I sought an appointment with the prime minister and was due to meet him sometime in June 2009 at 1100 hrs. I met Montek and Isher over breakfast and sought their opinion. Both said, go for it. I was emboldened by this and when I met the PM, I told him that I want to do this project. He warmly agreed to my proposition and picked up the phone and spoke to Montek requesting him to close this before he leaves for St Petersburg. Within ten days I was appointed Chairman of Unique Identification Authority of India (UIDAI) followed by a Cabinet decision. I took time to complete my obligations with Infosys and joined in July 2009 – it all happened quite quickly.

I ran a public limited company listed in India and in the US, for many years, working on targets, forecasts, earnings per share, revenue growth and every quarter you stand up in front of hundreds of analysts from around the world and explain how you did your business. I had come from this kind of a background. What I liked about this project was that you could really quantify your success simply by computing how many people got their identity number. It was almost like zero one situation. So the first meeting of the Prime Minister’s Committee on UID took place on 12th August, wherein we were to set a goal of number of identities to be given in next five years. We had done our homework and my team had come up with a number of 400 million just couple of days before the meeting. I said, this is one third of our population and appears too small given that we have five years, so lets make it 600 million. When, in the meeting I committed 600 million by March 2014, I had no clue how to get there. It’s a happy situation that by the end of February 2014 we were at 59.1 million and exceeded our target by the end of March.

It is about setting a clear goal and then getting there. I think the value of the stretch goals is that it sharpens the mind, it focuses everybody’s energy and if you just keep relentlessly act on it, it can get done. My team believed in me and worked relentlessly towards hitting the bull’s eye.

There were more than 100,000 employees at Infosys when I left. When I joined government, which is a giant size monolithic organisation, I started off by doing a startup inside government. It was a crazy idea but it worked. It was decided that we will be eclectic while choosing people as the project is so humongous that we will require the best and talented people to make it a success. Ram Sewak Sharma who is the current Chief Secretary of Jharkhand was my first partner in this project. He came in as the Mission Director. We had a cup of coffee at the Maurya Sheraton, New Delhi and he asked, do you want to sign up? I said, sure. He said, if you can take the risk, I could too. He signed up in less than 10-seconds. Later, I realised that it was kind of self-selection going on and several others from bureaucracy were ready to take the risk without UIDAI having any office space, no clear budgets and an unforeseen future.

I believe they all came because they wanted to do something different by still being inside the government system. I am very fortunate that I attracted and inducted risk-taking bureaucrats into the organisation. We went around and picked up people from different services and also from private sector to have multi-talented team.

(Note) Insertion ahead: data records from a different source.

(* Under the model described in the context, for all $s\ge0$, \[ \int_0^\infty\!\!\int_0^\infty \left(1-e^{-sPhG(t)}\right) q(h)\,p(t)\,dh\,dt<\infty . \]
   Context: Let $\lambda>0$, $\alpha>2$. Transmitter locations form a Poisson point process on $\mathbb R^2$ with locally finite mean measure $\Lambda$ and $\Lambda(\mathbb R^2)=\infty$. A test receiver is at a fixed point $\mathbf X_o$, $T(\mathbf x)=\|\mathbf x-\mathbf X_o\|_2$, and $\Lambda(\{\mathbf x: T(\mathbf x)\in A\})=\lambda\int_A p(t)\,dt$ for all Borel $A\subseteq[0,\infty)$, where $p\ge0$ satisfies $p(t)=O(t^{\alpha-1-\epsilon})$ as $t\to\infty$ for some $\epsilon>0$. The path-loss function $G:[0,\infty)\to[0,\infty)$ is bounded, monotone non-increasing, with $G(t)=O(t^{-\alpha})$ as $t\to\infty$. $q$ is a probability density on $[0,\infty)$ with finite first, second and third moments. $P>0$. *)

theory Defs
  imports "HOL-Analysis.Analysis" "HOL-Library.Landau_Symbols"
begin

end

theory Submission
  imports Defs
begin

text \<open>Since \<open>1 - e\<^sup>-\<^sup>x \<le> x\<close>, the inner integral is at most \<open>s P G(t) p(t) E[h]\<close>, so it suffices
  that \<open>G p\<close> is integrable on \<open>[0, \<infinity>)\<close>. On a bounded interval \<open>G\<close> is bounded and \<open>p\<close> is
  integrable because \<open>\<Lambda>\<close> is finite on compact discs; near infinity
  \<open>G(t) p(t) = O(t\<^sup>-\<^sup>1\<^sup>-\<^sup>\<epsilon>)\<close>, which is integrable.\<close>

lemma nn_integral_one_minus_exp_le_first_moment:
  fixes q :: "real \<Rightarrow> real" and a c m :: real
  assumes "a \<ge> 0" "c \<ge> 0" "m \<ge> 0"
    and q_nonneg: "\<And>h. h \<ge> 0 \<Longrightarrow> q h \<ge> 0"
    and q_meas: "q \<in> borel_measurable borel"
    and moment: "(\<integral>\<^sup>+ h\<in>{0..}. ennreal (h * q h) \<partial>lborel) = ennreal m"
  shows "(\<integral>\<^sup>+ h\<in>{0..}. ennreal ((1 - exp (- a * h)) * q h * c) \<partial>lborel) \<le> ennreal (a * m * c)"
proof -
  have "(\<integral>\<^sup>+ h\<in>{0..}. ennreal ((1 - exp (- a * h)) * q h * c) \<partial>lborel)
      \<le> (\<integral>\<^sup>+ h. ennreal (a * c) * (ennreal (h * q h) * indicator {0..} h) \<partial>lborel)"
  proof (intro nn_integral_mono)
    fix h :: real
    show "ennreal ((1 - exp (- a * h)) * q h * c) * indicator {0..} h
        \<le> ennreal (a * c) * (ennreal (h * q h) * indicator {0..} h)"
    proof (cases "h \<ge> 0")
      case True
      have "1 - exp (- (a * h)) \<le> a * h"
        using exp_ge_add_one_self[of "- (a * h)"] by simp
      then have "(1 - exp (- a * h)) * q h * c \<le> (a * h) * q h * c"
        using q_nonneg[OF True] \<open>c \<ge> 0\<close> by (simp add: mult_right_mono)
      then have "(1 - exp (- a * h)) * q h * c \<le> (a * c) * (h * q h)"
        by (simp add: mult_ac)
      then have "ennreal ((1 - exp (- a * h)) * q h * c) \<le> ennreal (a * c) * ennreal (h * q h)"
        using assms(1,2) by (simp add: ennreal_leI flip: ennreal_mult')
      then show ?thesis using True by simp
    qed simp
  qed
  also have "\<dots> = ennreal (a * c) * (\<integral>\<^sup>+ h\<in>{0..}. ennreal (h * q h) \<partial>lborel)"
    using q_meas by (intro nn_integral_cmult) simp
  also have "\<dots> = ennreal (a * c) * ennreal m"
    by (simp only: moment)
  also have "\<dots> = ennreal (a * m * c)"
    using assms(1-3) by (simp add: ennreal_mult mult_ac)
  finally show ?thesis .
qed

lemma bigo_mult_powr:
  fixes f g :: "real \<Rightarrow> real"
  assumes "f \<in> O[at_top](\<lambda>t. t powr a)" "g \<in> O[at_top](\<lambda>t. t powr b)"
  shows "(\<lambda>t. f t * g t) \<in> O[at_top](\<lambda>t. t powr (a + b))"
proof -
  have "(\<lambda>t. f t * g t) \<in> O[at_top](\<lambda>t. t powr a * t powr b)"
    using assms by (rule landau_o.big_mult)
  also have "(\<lambda>t::real. t powr a * t powr b) \<in> O[at_top](\<lambda>t. t powr (a + b))"
    by (simp add: powr_add)
  finally show ?thesis .
qed

lemma nn_integral_radial_density_Icc_finite:
  fixes \<Lambda> :: "'a::{real_normed_vector, heine_borel} measure" and x0 :: 'a and p :: "real \<Rightarrow> real"
  assumes lam_pos: "lam > 0"
    and locfin: "\<And>K. compact K \<Longrightarrow> emeasure \<Lambda> K < \<infinity>"
    and radial: "\<And>A. A \<in> sets borel \<Longrightarrow> A \<subseteq> {0..} \<Longrightarrow>
       emeasure \<Lambda> {x. norm (x - x0) \<in> A} = ennreal lam * (\<integral>\<^sup>+ t\<in>A. ennreal (p t) \<partial>lborel)"
  shows "(\<integral>\<^sup>+ t\<in>{0..R}. ennreal (p t) \<partial>lborel) < \<infinity>"
proof -
  have disc: "{x. norm (x - x0) \<in> {0..R}} = cball x0 R"
    by (auto simp: dist_norm norm_minus_commute)
  have "emeasure \<Lambda> (cball x0 R) < \<infinity>"
    by (rule locfin) simp
  then have "ennreal lam * (\<integral>\<^sup>+ t\<in>{0..R}. ennreal (p t) \<partial>lborel) < \<infinity>"
    using radial[of "{0..R}", unfolded disc] by simp
  then show ?thesis
    using lam_pos by (auto simp: ennreal_mult_less_top)
qed

text \<open>The integrand \<open>f\<close> need not be measurable: it is only compared with the measurable
  majorant \<open>B g\<close> on \<open>[0, R]\<close> and \<open>C t\<^sup>e\<close> on \<open>[R, \<infinity>)\<close>.\<close>

lemma nn_integral_finite_if_local_majorant_and_powr_tail:
  fixes f g :: "real \<Rightarrow> real" and B e :: real
  assumes g_meas: "g \<in> borel_measurable borel"
    and g_local: "\<And>R. (\<integral>\<^sup>+ t\<in>{0..R}. ennreal (g t) \<partial>lborel) < \<infinity>"
    and f_le: "\<And>t. t \<ge> 0 \<Longrightarrow> f t \<le> B * g t"
    and B: "B \<ge> 0"
    and f_tail: "f \<in> O[at_top](\<lambda>t. t powr e)"
    and e: "e < -1"
  shows "(\<integral>\<^sup>+ t\<in>{0..}. ennreal (f t) \<partial>lborel) < \<infinity>"
proof -
  note [measurable] = g_meas
  obtain C where C: "C > 0" "eventually (\<lambda>t. norm (f t) \<le> C * norm (t powr e)) at_top"
    using f_tail by (elim landau_o.bigE)
  then obtain R where R: "R \<ge> 1" "\<And>t. t \<ge> R \<Longrightarrow> f t \<le> C * t powr e"
    unfolding eventually_at_top_linorder
    by (metis abs_le_D1 abs_of_nonneg nle_le powr_ge_zero real_norm_def order.trans)
  define F where "F t = ennreal B * (ennreal (g t) * indicator {0..R} t)
      + ennreal C * (ennreal (t powr e) * indicator {R..} t)" for t
  have majorant: "ennreal (f t) * indicator {0..} t \<le> F t" for t
  proof (cases "t \<ge> 0")
    case t0: True
    show ?thesis
    proof (cases "t \<le> R")
      case True
      then have "ennreal (f t) \<le> ennreal B * ennreal (g t)"
        using f_le[OF t0] B by (simp add: ennreal_leI ennreal_mult'[symmetric])
      then show ?thesis using True t0 unfolding F_def by (simp add: add_increasing2)
    next
      case False
      then have "ennreal (f t) \<le> ennreal C * ennreal (t powr e)"
        using R(2)[of t] C(1) by (simp add: ennreal_leI ennreal_mult[symmetric])
      then show ?thesis using False t0 unfolding F_def by (simp add: add_increasing)
    qed
  qed simp
  have powr_tail: "(\<integral>\<^sup>+ t\<in>{R..}. ennreal (t powr e) \<partial>lborel) = ennreal (- (R powr (e + 1)) / (e + 1))"
    using has_integral_powr_to_inf[OF e, of R] R(1)
    by (intro nn_integral_has_integral_lebesgue') auto
  have "(\<integral>\<^sup>+ t\<in>{0..}. ennreal (f t) \<partial>lborel) \<le> integral\<^sup>N lborel F"
    by (intro nn_integral_mono majorant)
  also have "\<dots> = ennreal B * (\<integral>\<^sup>+ t\<in>{0..R}. ennreal (g t) \<partial>lborel)
      + ennreal C * (\<integral>\<^sup>+ t\<in>{R..}. ennreal (t powr e) \<partial>lborel)"
    unfolding F_def by (simp add: nn_integral_add nn_integral_cmult)
  also have "\<dots> < \<infinity>"
    using g_local[of R] by (simp add: powr_tail ennreal_mult_less_top)
  finally show ?thesis .
qed

theorem lemma1:
  fixes lam \<alpha> \<epsilon> P :: real
    and \<Lambda> :: "(real^2) measure"
    and Xo :: "real^2"
    and p q G :: "real \<Rightarrow> real"
  assumes lam_pos: "lam > 0"
    and alpha_gt: "\<alpha> > 2"
    and P_pos: "P > 0"
    and eps_pos: "\<epsilon> > 0"
    and Lambda_sets: "sets \<Lambda> = sets borel"
    and Lambda_locfin: "\<And>K. compact K \<Longrightarrow> emeasure \<Lambda> K < \<infinity>"
    and Lambda_inf: "emeasure \<Lambda> UNIV = \<infinity>"
    and p_meas: "p \<in> borel_measurable borel"
    and p_nonneg: "\<And>t. t \<ge> 0 \<Longrightarrow> p t \<ge> 0"
    and Lambda_p: "\<And>A. A \<in> sets borel \<Longrightarrow> A \<subseteq> {0..} \<Longrightarrow>
         emeasure \<Lambda> {x. norm (x - Xo) \<in> A} = ennreal lam * (\<integral>\<^sup>+ t\<in>A. ennreal (p t) \<partial>lborel)"
    and p_growth: "p \<in> O[at_top](\<lambda>t. t powr (\<alpha> - 1 - \<epsilon>))"
    and G_nonneg: "\<And>t. t \<ge> 0 \<Longrightarrow> G t \<ge> 0"
    and G_bounded: "bounded (G ` {0..})"
    and G_mono: "\<And>x y. 0 \<le> x \<Longrightarrow> x \<le> y \<Longrightarrow> G y \<le> G x"
    and G_decay: "G \<in> O[at_top](\<lambda>t. t powr (- \<alpha>))"
    and q_meas: "q \<in> borel_measurable borel"
    and q_nonneg: "\<And>h. h \<ge> 0 \<Longrightarrow> q h \<ge> 0"
    and q_density: "(\<integral>\<^sup>+ h\<in>{0..}. ennreal (q h) \<partial>lborel) = 1"
    and q_moments: "\<And>k::nat. k \<in> {1,2,3} \<Longrightarrow>
         (\<integral>\<^sup>+ h\<in>{0..}. ennreal (h ^ k * q h) \<partial>lborel) < \<infinity>"
  shows "\<forall>s\<ge>0. (\<integral>\<^sup>+ t\<in>{0..}. (\<integral>\<^sup>+ h\<in>{0..}.
            ennreal ((1 - exp (- s * P * h * G t)) * q h * p t) \<partial>lborel) \<partial>lborel) < \<infinity>"
proof (intro allI impI)
  fix s :: real assume s0: "s \<ge> 0"
  define m where "m = enn2real (\<integral>\<^sup>+ h\<in>{0..}. ennreal (h * q h) \<partial>lborel)"
  have moment: "(\<integral>\<^sup>+ h\<in>{0..}. ennreal (h * q h) \<partial>lborel) = ennreal m"
    using q_moments[of 1] unfolding m_def by (simp add: less_top)
  obtain B where B: "\<And>t. t \<ge> 0 \<Longrightarrow> G t \<le> B"
    using G_bounded unfolding bounded_iff by (metis abs_le_D1 atLeast_iff image_eqI real_norm_def)
  define f where "f t = s * P * m * (G t * p t)" for t
  have inner: "(\<integral>\<^sup>+ h\<in>{0..}. ennreal ((1 - exp (- s * P * h * G t)) * q h * p t) \<partial>lborel)
      \<le> ennreal (f t)" if "t \<ge> 0" for t
  proof -
    have "(\<integral>\<^sup>+ h\<in>{0..}. ennreal ((1 - exp (- s * P * h * G t)) * q h * p t) \<partial>lborel)
        = (\<integral>\<^sup>+ h\<in>{0..}. ennreal ((1 - exp (- (s * P * G t) * h)) * q h * p t) \<partial>lborel)"
      by (simp add: mult_ac)
    also have "\<dots> \<le> ennreal (s * P * G t * m * p t)"
      using s0 P_pos G_nonneg[OF that] p_nonneg[OF that]
      by (intro nn_integral_one_minus_exp_le_first_moment q_nonneg q_meas moment) (auto simp: m_def)
    finally show ?thesis
      by (simp add: f_def mult_ac)
  qed
  have f_finite: "(\<integral>\<^sup>+ t\<in>{0..}. ennreal (f t) \<partial>lborel) < \<infinity>"
  proof (rule nn_integral_finite_if_local_majorant_and_powr_tail[OF p_meas])
    show "f t \<le> (s * P * m * B) * p t" if "t \<ge> 0" for t
    proof -
      have "G t * p t \<le> B * p t"
        using B[OF that] p_nonneg[OF that] by (rule mult_right_mono)
      moreover have "s * P * m \<ge> 0"
        using s0 P_pos by (simp add: m_def)
      ultimately show ?thesis
        unfolding f_def by (metis mult.assoc mult_left_mono)
    qed
    have "(\<lambda>t. G t * p t) \<in> O[at_top](\<lambda>t. t powr (- \<alpha> + (\<alpha> - 1 - \<epsilon>)))"
      using G_decay p_growth by (rule bigo_mult_powr)
    then show "f \<in> O[at_top](\<lambda>t. t powr (- 1 - \<epsilon>))"
      unfolding f_def by (cases "s * P * m = 0") simp_all
    show "(\<integral>\<^sup>+ t\<in>{0..R}. ennreal (p t) \<partial>lborel) < \<infinity>" for R
      by (rule nn_integral_radial_density_Icc_finite[OF lam_pos Lambda_locfin Lambda_p])
    show "s * P * m * B \<ge> 0"
      using s0 P_pos B[of 0] G_nonneg[of 0] by (simp add: m_def)
    show "- 1 - \<epsilon> < - 1"
      using eps_pos by simp
  qed
  have "(\<integral>\<^sup>+ t\<in>{0..}. (\<integral>\<^sup>+ h\<in>{0..}.
            ennreal ((1 - exp (- s * P * h * G t)) * q h * p t) \<partial>lborel) \<partial>lborel)
      \<le> (\<integral>\<^sup>+ t\<in>{0..}. ennreal (f t) \<partial>lborel)"
    by (intro nn_integral_mono) (use inner in \<open>simp split: split_indicator\<close>)
  then show "(\<integral>\<^sup>+ t\<in>{0..}. (\<integral>\<^sup>+ h\<in>{0..}.
            ennreal ((1 - exp (- s * P * h * G t)) * q h * p t) \<partial>lborel) \<partial>lborel) < \<infinity>"
    using f_finite by (rule le_less_trans)
qed

end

It is not merely a technology project. But it is about technology of giving a unique number to every Indian resident is among the most complex things you can do because it requires you to match everybody’s biometrics to everybody else’s biometrics to make sure that there is no duplicate. To give you an idea of the scale of the problem today – we have a database 600 million people and one million people enrolling. We have to do 600 trillion comparisons to eliminate duplicates. So, it is a massive computational task.

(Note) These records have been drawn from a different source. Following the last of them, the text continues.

(* Let $\Omega\subset\mathbb R^n$ be a bounded domain, $1\le m\le n$, $T>0$, $Q_T=\Omega\times(0,T)$, $\partial'Q_T=(\Omega\times\{0\})\cup(\partial\Omega\times[0,T])$, $f$ a function on $\bar Q_T$ and $\varphi$ a function on $\partial'Q_T$ with $\varphi(\cdot,0)\in C^2(\Omega)$. Assume that $f\ge\nu_m>0$ on $\bar Q_T$, that there is a point $x_0\in\Omega$ such that $\varphi_{xx}(x_0,0)$ is $(m-1)$-positive, and that there is a point $x_1\in\Omega$ such that $\varphi_{xx}(x_1,0)$ is not $(m-1)$-positive. Then there is no $u\in C^{2,1}(\bar Q_T)$ with $E_m[u]=f$ in $\bar Q_T$ and $u=\varphi$ on $\partial'Q_T$, no matter how small $T>0$ is.
   Context: For $S\in\mathrm{Sym}(n)$ and $0\le p\le n$, $T_p(S)$ is the sum of all principal $p\times p$ minors of $S$, with $T_0(S)=1$. For $1\le k\le n$, $K_k=\{S\in\mathrm{Sym}(n):T_p(S)>0,\ p=1,\dots,k\}$; $S$ is $k$-positive if $S\in K_k$; by convention every matrix is $0$-positive. For $u(x,t)$, $u_{xx}$ is its Hessian in $x$ and $E_m[u]=-u_t\,T_{m-1}(u_{xx})+T_m(u_{xx})$. *)

theory Defs
  imports "HOL-Analysis.Analysis"
begin

definition Tsum :: "nat \<Rightarrow> real^'n^'n \<Rightarrow> real" where
  "Tsum p S = (\<Sum>I \<in> {I. card I = p}.
      \<Sum>\<sigma> \<in> {\<sigma>. \<sigma> permutes I}. of_int (sign \<sigma>) * (\<Prod>i\<in>I. S $ i $ \<sigma> i))"

definition symmetric_mat :: "real^'n^'n \<Rightarrow> bool" where
  "symmetric_mat S \<longleftrightarrow> transpose S = S"

definition kpositive :: "nat \<Rightarrow> real^'n^'n \<Rightarrow> bool" where
  "kpositive k S \<longleftrightarrow> k = 0 \<or> (symmetric_mat S \<and> (\<forall>p\<in>{1..k}. Tsum p S > 0))"

text \<open>E_m[u] at a point, in terms of u_t and the spatial Hessian u_xx.\<close>
definition Em :: "nat \<Rightarrow> real \<Rightarrow> real^'n^'n \<Rightarrow> real" where
  "Em m ut H = - ut * Tsum (m - 1) H + Tsum m H"

text \<open>u in C^{2,1}(closure Q_T), Q_T = \<Omega> x (0,T), with spatial gradient Du,
  spatial Hessian H and time derivative ut: these derivatives exist in Q_T and
  u, Du, H, ut are continuous on the closure (continuous extensions).\<close>
definition C21_closure ::
  "('n::finite) itself \<Rightarrow> (real^'n) set \<Rightarrow> real \<Rightarrow> (real^'n \<Rightarrow> real \<Rightarrow> real) \<Rightarrow>
   (real^'n \<Rightarrow> real \<Rightarrow> real^'n) \<Rightarrow> (real^'n \<Rightarrow> real \<Rightarrow> real^'n^'n) \<Rightarrow>
   (real^'n \<Rightarrow> real \<Rightarrow> real) \<Rightarrow> bool" where
  "C21_closure _ \<Omega> T u Du H ut \<longleftrightarrow>
     (\<forall>x\<in>\<Omega>. \<forall>t\<in>{0<..<T}.
        ((\<lambda>y. u y t) has_derivative (\<lambda>h. Du x t \<bullet> h)) (at x) \<and>
        ((\<lambda>y. Du y t) has_derivative (\<lambda>h. H x t *v h)) (at x) \<and>
        ((\<lambda>s. u x s) has_real_derivative ut x t) (at t)) \<and>
     continuous_on (closure \<Omega> \<times> {0..T}) (\<lambda>(x,t). u x t) \<and>
     continuous_on (closure \<Omega> \<times> {0..T}) (\<lambda>(x,t). Du x t) \<and>
     continuous_on (closure \<Omega> \<times> {0..T}) (\<lambda>(x,t). H x t) \<and>
     continuous_on (closure \<Omega> \<times> {0..T}) (\<lambda>(x,t). ut x t)"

What was more important than technology was to build consensus around the project and this took us 14 months. While my crack team worked on the nitty-gritties of technology and policy, I travelled to each and every state capital and met with the Chief Minister and the Chief Secretary of that state to get their personal commitment for the Aadhaar project. And when UID roll-out actually happened there were no surprises.

This came from my background because as an entrepreneur who ran a business for a long enough, I realised that you go to your customers not vice versa. This went to the extent that if I had to meet a chief minister in Delhi, I would make it a point to meet him in his Bhavan and not make him come to my office. By doing this I was signaling to them that I care about you and I am coming to you because I want your help in doing something nationally important. Today, we have a rare situation where this project is implemented across the board, across all states whether they are ruled by the Congress like Andhra Pradesh, Karnataka or Maharashtra or whether they are ruled by BJP like Gujarat, Madhya Pradesh and Goa or CPM in Tripura.

I am convinced that even in politics if one has a sufficiently important transformative idea and one invests in building the relationships and convinces others about the value of the idea to all the protagonists, one can get a lot done. We repeated the same with financial system. We went to Reserve Bank of India (RBI) and Indian Banks’ Association (IBA), bank chairmen, Securities and Exchange Board of India (SEBI) and other regulators and all ministries. So everybody was on-board before we got into real business.

We did what we set out to do – 60 crore UIDs and recently the Cabinet has given UIDAI the extension to do Aadhaar enrollment in four states of UP, Bihar, Uttarakhand and Chhattisgarh. That population alone is about 330 million. Now we are on target to get about 950 million by 2015. We have built a backend system that can generate 300 million UIDs per year. At this pace we will touch a billion by 2016.

There are four distinct uses for the Aadhaar platform. The first is clearly uniqueness – which is hugely beneficial for government because government can use this to eliminate ghosts and duplicates in the beneficiary list that it has. The government spends upwards of 3 trillion rupees a year on entitlements, subsidies, MGNREGA wages, LPG and kerosene subsidies and so on. Estimates of leakage vary from 10 to 40 per cent. Even if there is 10 per cent improvement in productivity of the spending, it would mean 300 billion rupees in a year. The entire Aadhaar project lifecycle cost is estimated at 150 billion rupees that can save minimum 300 billion rupees per year.

We are trying to create an ecosystem. An ecosystem where the government creates something and the private sector ultimately uses it for innovation to deliver better

Secondly, we already have about 60 million bank accounts linked to Aadhaar numbers into which you can directly credit money. What is important is that ultimately all bank accounts will be Aadhaar linked, it is only a matter of time. Not only, customers can transfer money using Aadhaar numbers, the government entitlements like subsidies or pensions will be transferred as direct benefit transfers.

It could also be a corporate entitlement. Recently for example, the Trident group from Chandigarh has started using it to pay all wages using Aadhaar bridge or it could be a person to person, a migrant from Odisha working in Delhi can send money to his wife, using her Aadhaar number she will get it in her village. The good news is that since the entire process is transparent and traceable you get exactly what you deposit.

Thirdly, what electronic know your customer (eKYC) does is that it allows a person to open an account without any piece of paper – Aadhaar number is sufficient. The backend authenticates the number and releases the KYC details to the bank, which then opens the bank account after its acceptance by the RBI. Similarly, one can purchase a life cover of house insurance or even a pension policy. The backend takes care of everything. This is dramatic, as it has suddenly created an expansion of inclusion by getting everybody into the financial system.

The last thing that it does is online authentication, which allows you to verify your identity anywhere. For example, if I want to withdraw money from a micro-ATM in a village, the Aadhaar does the authentication.

I urge you to keep this in mind especially people who write about Aadhaar’s premature demise that it is really going to go a long way from here. We are trying to create an ecosystem. An ecosystem where the government creates something and the private sector ultimately uses it for innovation to deliver better. It is not always about technologies, but yes, it does play an important role of an enabler.